Estas celebraciones, que desde hace muchos
años pasan totalmente desapercibidas para el común de los najerinos,
constituyeron en nuestra infancia un auténtico acontecimiento. No sé muy bien
si era porque estábamos a todas las horas del día en la plazoleta de la Cruz, o porque lo anunciaban los curas
en el tablón de anuncios de la Parroquia, donde nos ponían los rombos que
tenían las películas que se iban a proyectar en nuestros tres cines, pero el
caso es que, en cuanto había un bautizo, allí estábamos nosotros, un batallón
de desaliñados mozalbetes, dispuestos a batirnos el cobre por coger las monedas
que el padrino iba a lanzarnos al aire.
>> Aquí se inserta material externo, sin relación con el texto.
lemma colour_budget:
  fixes j k d :: nat
  assumes "1 \<le> j" "Suc j \<le> k" "0 < d"
  shows "(2 * ((j - 1) * d) + 1) + (k + (k - Suc j)) < 3 * k * d"
proof -
  obtain i n e where "j = Suc i" "k = i + 2 + n" "d = Suc e"
    using assms by (metis Suc_pred' add.commute le_add_diff_inverse2 le_less_Suc_eq
        less_eq_Suc_le not_less_eq_eq plus_1_eq_Suc add_2_eq_Suc)
  then show ?thesis
    by (simp add: algebra_simps)
qed

lemma rainbow_path_through_prefix:
  assumes conn: "kd_connected V E cv ce (3 * k * d) d A"
    and "0 < d" and "A \<subseteq> V"
    and "finite S" and card_S: "card S \<le> k"
    and a_in_A: "\<forall>i \<in> {1..k}. a i \<in> A"
    and a_not_S: "\<forall>i \<in> {1..k}. cv (a i) \<notin> S"
    and a_colours: "\<forall>i \<in> {1..k}. \<forall>j \<in> {1..k}. i \<noteq> j \<longrightarrow> cv (a i) \<noteq> cv (a j)"
    and "1 \<le> j" "j \<le> k"
  shows "\<exists>P. path_from_to V E P (a 1) (a j) \<and> rainbow cv ce P
            \<and> path_length P \<le> (j - 1) * d \<and> a ` {1..j} \<subseteq> set P
            \<and> path_colours cv ce P \<inter> (S \<union> (\<lambda>i. cv (a i)) ` {j<..k}) = {}"
  using \<open>1 \<le> j\<close> \<open>j \<le> k\<close>
proof (induction j rule: nat_induct_at_least)
  case base
  have "a 1 \<in> V"
    using a_in_A \<open>A \<subseteq> V\<close> base by auto
  moreover have "path_colours cv ce [a 1] = {cv (a 1)}"
    by (simp add: path_colours_def)
  ultimately show ?case
    using a_not_S a_colours base
    by (intro exI[of _ "[a 1]"]) (auto simp: path_from_to_def is_path_def rainbow_def path_length_def)
next
  case (Suc j)
  define R where "R = S \<union> (\<lambda>i. cv (a i)) ` {Suc j<..k}"
  obtain P where P: "path_from_to V E P (a 1) (a j)" "rainbow cv ce P"
    and len_P: "path_length P \<le> (j - 1) * d" and a_in_P: "a ` {1..j} \<subseteq> set P"
    and P_avoids: "path_colours cv ce P \<inter> (S \<union> (\<lambda>i. cv (a i)) ` {j<..k}) = {}"
    using Suc by auto
  have "card R \<le> k + (k - Suc j)"
    using card_Un_le[of S "(\<lambda>i. cv (a i)) ` {Suc j<..k}"]
      card_image_le[of "{Suc j<..k}" "\<lambda>i. cv (a i)"] card_S
    unfolding R_def by simp
  moreover have "card (path_colours cv ce P) \<le> 2 * ((j - 1) * d) + 1"
    using card_path_colours_le[of cv ce P] len_P by simp
  ultimately have "card (path_colours cv ce P) + card R < 3 * k * d"
    using colour_budget[OF Suc.hyps Suc.prems \<open>0 < d\<close>] by linarith
  moreover have "cv (a (Suc j)) \<notin> path_colours cv ce P"
    using P_avoids Suc.prems by auto
  ultimately obtain P' where P': "path_from_to V E P' (a 1) (a (Suc j))" "rainbow cv ce P'"
    and "path_length P' \<le> path_length P + d" "set P \<subseteq> set P'" "a (Suc j) \<in> set P'"
    and colours_P': "path_colours cv ce P' \<subseteq> path_colours cv ce P \<union> {cv (a (Suc j))} \<union> - R"
    using kd_connected_extend_path[OF conn P, of "a (Suc j)" R] a_in_A Suc \<open>finite S\<close>
    unfolding R_def by auto
  have "cv (a (Suc j)) \<notin> R"
    using a_not_S a_colours Suc unfolding R_def by auto
  moreover have "R \<subseteq> S \<union> (\<lambda>i. cv (a i)) ` {j<..k}"
    unfolding R_def by auto
  ultimately have "path_colours cv ce P' \<inter> R = {}"
    using colours_P' P_avoids by blast
  moreover have "path_length P' \<le> (Suc j - 1) * d"
    using \<open>path_length P' \<le> path_length P + d\<close> len_P Suc.hyps by (cases j) auto
  moreover have "a ` {1..Suc j} \<subseteq> set P'"
    using a_in_P \<open>set P \<subseteq> set P'\<close> \<open>a (Suc j) \<in> set P'\<close> Suc.hyps
    by (auto simp: atLeastAtMostSuc_conv)
  ultimately show ?case
    using P' unfolding R_def by blast
qed

theorem mainTheorem4:
  fixes V :: "'a set" and E :: "('a \<times> 'a) set"
    and cv :: "'a \<Rightarrow> 'c" and ce :: "'a \<times> 'a \<Rightarrow> 'c"
    and k d :: nat and A :: "'a set" and S :: "'c set" and a :: "nat \<Rightarrow> 'a"
  assumes "digraph V E"
    and "0 < k" and "0 < d"
    and "A \<subseteq> V"
    and "kd_connected V E cv ce (3 * k * d) d A"
    and "finite S" and "card S \<le> k"
    and "\<forall>i \<in> {1..k}. a i \<in> A"
    and "\<forall>i \<in> {1..k}. cv (a i) \<notin> S"
    and "\<forall>i \<in> {1..k}. \<forall>j \<in> {1..k}. i \<noteq> j \<longrightarrow> cv (a i) \<noteq> cv (a j)"
  shows "\<exists>P. path_from_to V E P (a 1) (a k) \<and> rainbow cv ce P \<and> path_length P \<le> k * d
            \<and> (\<forall>i \<in> {1..k}. a i \<in> set P)
            \<and> (\<forall>v \<in> set P. cv v \<notin> S) \<and> (\<forall>e \<in> set (path_edges P). ce e \<notin> S)"
proof -
  obtain P where "path_from_to V E P (a 1) (a k)" "rainbow cv ce P"
    and len: "path_length P \<le> (k - 1) * d" and "a ` {1..k} \<subseteq> set P"
    and "path_colours cv ce P \<inter> S = {}"
    using rainbow_path_through_prefix[OF assms(5,3,4,6-10), of k] \<open>0 < k\<close> by auto
  moreover have "path_length P \<le> k * d"
    using len by (meson diff_le_self mult_le_mono1 order_trans)
  ultimately show ?thesis
    unfolding path_colours_def by (intro exI[of _ P]) auto
qed

end
(* Let $h$ be a reduced function, $n\ge4$, and let $E^{(n)}$ and $\mathcal E^{(n)}$ be defined on pure states by $$E^{(n)}(|\psi\rangle)=\frac12\sum_{i=1}^n h(\rho^{A_i}),\qquad \mathcal E^{(n)}(|\psi\rangle)=\frac12\sum_{S\in\mathcal T_n}h(\rho^S),$$ where $\mathcal T_n$ is the set of nonempty subsets $S\subseteq\{A_1,\dots,A_n\}$ with $|S|<n/2$ together with (for even $n$) those with $|S|=n/2$ and $A_n\notin S$. Then for every pure state $|\psi\rangle\in\mathcal H^{A_1\cdots A_n}$, $E^{(n)}(|\psi\rangle)\le\mathcal E^{(n)}(|\psi\rangle)$, with strict inequality if and only if $|\psi\rangle$ is not fully separable, i.e. not of the form $|\psi_1\rangle^{A_1}\otimes\cdots\otimes|\psi_n\rangle^{A_n}$.
   Context: All Hilbert spaces are finite-dimensional; $\rho^X$ denotes the reduced state of $|\psi\rangle$ on the set $X$ of parties. Reduced function: a function $h$ from density matrices (of any finite dimension) to $[0,\infty)$ that is concave, depends only on the multiset of nonzero eigenvalues of its argument, and satisfies $h(\rho)=0$ iff $\rho$ is pure. *)

theory Defs
  imports "Jordan_Normal_Form.Char_Poly" "HOL-Computational_Algebra.Polynomial"
begin

definition is_density :: "nat \<Rightarrow> complex mat \<Rightarrow> bool" where
  "is_density m A \<longleftrightarrow> A \<in> carrier_mat m m
     \<and> (\<forall>i<m. \<forall>j<m. A $$ (i,j) = cnj (A $$ (j,i)))
     \<and> (\<forall>v. dim_vec v = m \<longrightarrow>
           0 \<le> Re (\<Sum>i<m. \<Sum>j<m. cnj (v $ i) * A $$ (i,j) * v $ j))
     \<and> (\<Sum>i<m. A $$ (i,i)) = 1"

definition is_pure_density :: "nat \<Rightarrow> complex mat \<Rightarrow> bool" where
  "is_pure_density m A \<longleftrightarrow> is_density m A
     \<and> (\<exists>v. dim_vec v = m \<and> A = mat m m (\<lambda>(i,j). v $ i * cnj (v $ j)))"

definition same_nonzero_spectrum :: "complex mat \<Rightarrow> complex mat \<Rightarrow> bool" where
  "same_nonzero_spectrum A B \<longleftrightarrow>
     (\<forall>a. a \<noteq> 0 \<longrightarrow> order a (char_poly A) = order a (char_poly B))"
Aunque en algún bautizo nos echaban
perras ya en la entrada de la iglesia, lo habitual era que esto ocurriera a la
salida, en el recorrido hacia sus casas y, una vez allí, desde los balcones y
ventanas. Para que este reparador maná cayera sobre nosotros, teníamos que
cantar repetida e incansablemente aquello de “Agua y vino/ mierda pal padrino/
bautizo cagao/ que no han echao/ a la
uuuuuu. Y entonces, el padrino y alguno de los invitados comenzaban a lanzar
monedas al aire, de perra chica, perra gorda, de real, de dos reales y alguna
de peseta rubia, aquella del uno, y se armaba la de San Quintín. Como ninguno
de nosotros era tonto y a todos nos sobraba hambre y nos faltaban perras, todas
nuestras miradas permanecían fijas en la trayectoria que llevaban las rubias, y
ello era que nos juntábamos en el suelo cinco o seis “gladiadores”, unos encima
de otros, en cada una de ellas, intentando echarles el guante. Cuando el
padrino era pudiente -o generoso, que no es igual- y lanzaba al aire algún
billete de cinco pesetas, aquello ya era el súmmum: nos zarandeábamos
haciéndonos cisco la ropa, primero, y nos cascábamos de lo lindo, después, por
ver quién se lo llevaba del suelo. Téngase en cuenta que cinco pesetas eran una
auténtica fortuna en aquellos tiempos. No obstante, al final todos quedábamos contentos:
los invitados dando buena cuenta de las magdalenas, los mantecados, las
rosquillas, los cocos, la sobada y los manguitos que habían hecho en el horno
de la Señora Julia, y nosotros, con perras frescas en los bolsillos, dispuestos
a vaciar de “chochos” las casetas de la Leo y de la señora Manuela.